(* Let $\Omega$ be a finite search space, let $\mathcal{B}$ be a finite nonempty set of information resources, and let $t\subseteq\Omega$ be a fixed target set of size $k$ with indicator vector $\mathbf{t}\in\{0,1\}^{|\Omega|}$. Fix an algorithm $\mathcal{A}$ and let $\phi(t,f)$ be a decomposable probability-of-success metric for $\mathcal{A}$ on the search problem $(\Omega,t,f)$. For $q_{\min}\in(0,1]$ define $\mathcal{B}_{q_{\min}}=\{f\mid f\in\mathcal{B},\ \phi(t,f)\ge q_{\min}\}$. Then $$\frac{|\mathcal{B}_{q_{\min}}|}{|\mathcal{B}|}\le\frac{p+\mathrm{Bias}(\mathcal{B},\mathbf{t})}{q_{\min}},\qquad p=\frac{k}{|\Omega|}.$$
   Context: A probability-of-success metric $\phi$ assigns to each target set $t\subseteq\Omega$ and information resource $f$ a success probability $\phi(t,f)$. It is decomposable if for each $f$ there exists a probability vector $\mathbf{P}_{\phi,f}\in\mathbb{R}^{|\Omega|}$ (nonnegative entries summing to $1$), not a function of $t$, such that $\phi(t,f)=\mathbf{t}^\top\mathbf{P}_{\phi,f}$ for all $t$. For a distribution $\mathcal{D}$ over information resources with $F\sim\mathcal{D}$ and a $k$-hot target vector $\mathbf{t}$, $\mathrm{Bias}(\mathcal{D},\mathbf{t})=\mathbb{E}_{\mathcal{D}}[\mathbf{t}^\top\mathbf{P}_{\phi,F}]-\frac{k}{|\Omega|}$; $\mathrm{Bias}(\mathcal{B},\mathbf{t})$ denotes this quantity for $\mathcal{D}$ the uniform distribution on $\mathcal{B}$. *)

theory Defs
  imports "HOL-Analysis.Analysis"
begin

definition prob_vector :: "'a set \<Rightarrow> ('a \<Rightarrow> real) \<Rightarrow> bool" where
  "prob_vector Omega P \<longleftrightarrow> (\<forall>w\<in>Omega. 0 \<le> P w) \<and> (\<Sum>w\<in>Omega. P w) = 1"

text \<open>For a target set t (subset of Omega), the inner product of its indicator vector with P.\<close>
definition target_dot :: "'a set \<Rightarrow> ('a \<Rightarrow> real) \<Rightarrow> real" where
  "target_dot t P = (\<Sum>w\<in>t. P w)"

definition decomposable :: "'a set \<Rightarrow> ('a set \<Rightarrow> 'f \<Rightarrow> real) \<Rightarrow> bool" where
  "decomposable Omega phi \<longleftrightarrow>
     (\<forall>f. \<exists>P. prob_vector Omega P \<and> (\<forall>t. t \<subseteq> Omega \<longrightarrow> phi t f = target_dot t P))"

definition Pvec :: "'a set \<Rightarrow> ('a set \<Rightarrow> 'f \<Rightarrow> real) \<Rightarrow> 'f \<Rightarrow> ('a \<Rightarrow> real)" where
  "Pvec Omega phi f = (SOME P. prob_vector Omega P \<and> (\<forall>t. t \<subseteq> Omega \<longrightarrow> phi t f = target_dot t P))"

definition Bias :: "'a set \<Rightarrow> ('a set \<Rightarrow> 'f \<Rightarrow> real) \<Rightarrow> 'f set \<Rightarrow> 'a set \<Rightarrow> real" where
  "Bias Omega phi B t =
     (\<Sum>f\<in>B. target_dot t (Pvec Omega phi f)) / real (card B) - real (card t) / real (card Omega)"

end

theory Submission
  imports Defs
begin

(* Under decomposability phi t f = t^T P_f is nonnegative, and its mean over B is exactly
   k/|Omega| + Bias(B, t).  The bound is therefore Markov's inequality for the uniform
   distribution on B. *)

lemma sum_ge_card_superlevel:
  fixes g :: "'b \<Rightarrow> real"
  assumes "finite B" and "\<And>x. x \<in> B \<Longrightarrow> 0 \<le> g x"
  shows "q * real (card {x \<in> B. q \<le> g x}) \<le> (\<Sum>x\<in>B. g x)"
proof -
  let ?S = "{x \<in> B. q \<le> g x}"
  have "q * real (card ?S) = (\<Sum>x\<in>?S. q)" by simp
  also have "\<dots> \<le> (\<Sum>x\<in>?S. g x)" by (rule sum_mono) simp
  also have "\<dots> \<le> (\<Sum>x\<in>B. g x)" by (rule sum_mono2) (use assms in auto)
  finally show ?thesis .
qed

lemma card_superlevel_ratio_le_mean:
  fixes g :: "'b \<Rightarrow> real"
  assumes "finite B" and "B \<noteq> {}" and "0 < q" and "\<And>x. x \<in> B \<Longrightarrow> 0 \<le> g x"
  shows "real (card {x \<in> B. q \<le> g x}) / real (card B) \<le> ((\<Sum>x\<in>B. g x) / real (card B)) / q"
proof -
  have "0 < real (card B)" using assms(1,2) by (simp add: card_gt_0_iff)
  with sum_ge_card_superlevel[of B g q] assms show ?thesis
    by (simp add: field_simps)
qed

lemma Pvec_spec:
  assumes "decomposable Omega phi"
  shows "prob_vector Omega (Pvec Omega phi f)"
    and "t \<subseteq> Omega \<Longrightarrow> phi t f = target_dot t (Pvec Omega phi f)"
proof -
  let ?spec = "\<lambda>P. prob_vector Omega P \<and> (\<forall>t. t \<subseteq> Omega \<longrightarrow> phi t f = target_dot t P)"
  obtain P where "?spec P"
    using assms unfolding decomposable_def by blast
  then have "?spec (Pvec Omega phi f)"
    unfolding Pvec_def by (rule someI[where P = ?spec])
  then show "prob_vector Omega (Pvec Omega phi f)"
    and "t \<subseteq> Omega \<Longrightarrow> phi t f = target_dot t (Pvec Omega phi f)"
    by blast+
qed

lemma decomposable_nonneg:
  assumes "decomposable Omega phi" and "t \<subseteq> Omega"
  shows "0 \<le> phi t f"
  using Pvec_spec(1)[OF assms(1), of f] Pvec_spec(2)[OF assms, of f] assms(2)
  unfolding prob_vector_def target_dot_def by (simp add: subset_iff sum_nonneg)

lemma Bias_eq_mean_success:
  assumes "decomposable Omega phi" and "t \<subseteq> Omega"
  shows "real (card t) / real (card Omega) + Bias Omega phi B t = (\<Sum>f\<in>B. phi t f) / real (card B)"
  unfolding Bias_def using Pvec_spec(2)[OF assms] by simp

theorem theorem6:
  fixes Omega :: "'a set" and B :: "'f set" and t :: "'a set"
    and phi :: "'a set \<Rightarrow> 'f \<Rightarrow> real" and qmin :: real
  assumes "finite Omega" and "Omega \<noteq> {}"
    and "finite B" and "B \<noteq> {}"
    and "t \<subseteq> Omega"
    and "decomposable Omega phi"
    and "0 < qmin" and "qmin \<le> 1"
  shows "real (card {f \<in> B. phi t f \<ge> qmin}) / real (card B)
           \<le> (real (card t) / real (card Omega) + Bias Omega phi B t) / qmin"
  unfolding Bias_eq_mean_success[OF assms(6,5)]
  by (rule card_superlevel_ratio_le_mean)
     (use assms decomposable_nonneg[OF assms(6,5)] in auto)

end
——
A word-for-word copy of the lines above from the one with "Omega P \<longleftrightarrow>" through the one with "P = (\<Sum>w\<in>t.", inclusive, is the only output wanted.

  "prob_vector Omega P \<longleftrightarrow> (\<forall>w\<in>Omega. 0 \<le> P w) \<and> (\<Sum>w\<in>Omega. P w) = 1"

text \<open>For a target set t (subset of Omega), the inner product of its indicator vector with P.\<close>
definition target_dot :: "'a set \<Rightarrow> ('a \<Rightarrow> real) \<Rightarrow> real" where
  "target_dot t P = (\<Sum>w\<in>t. P w)"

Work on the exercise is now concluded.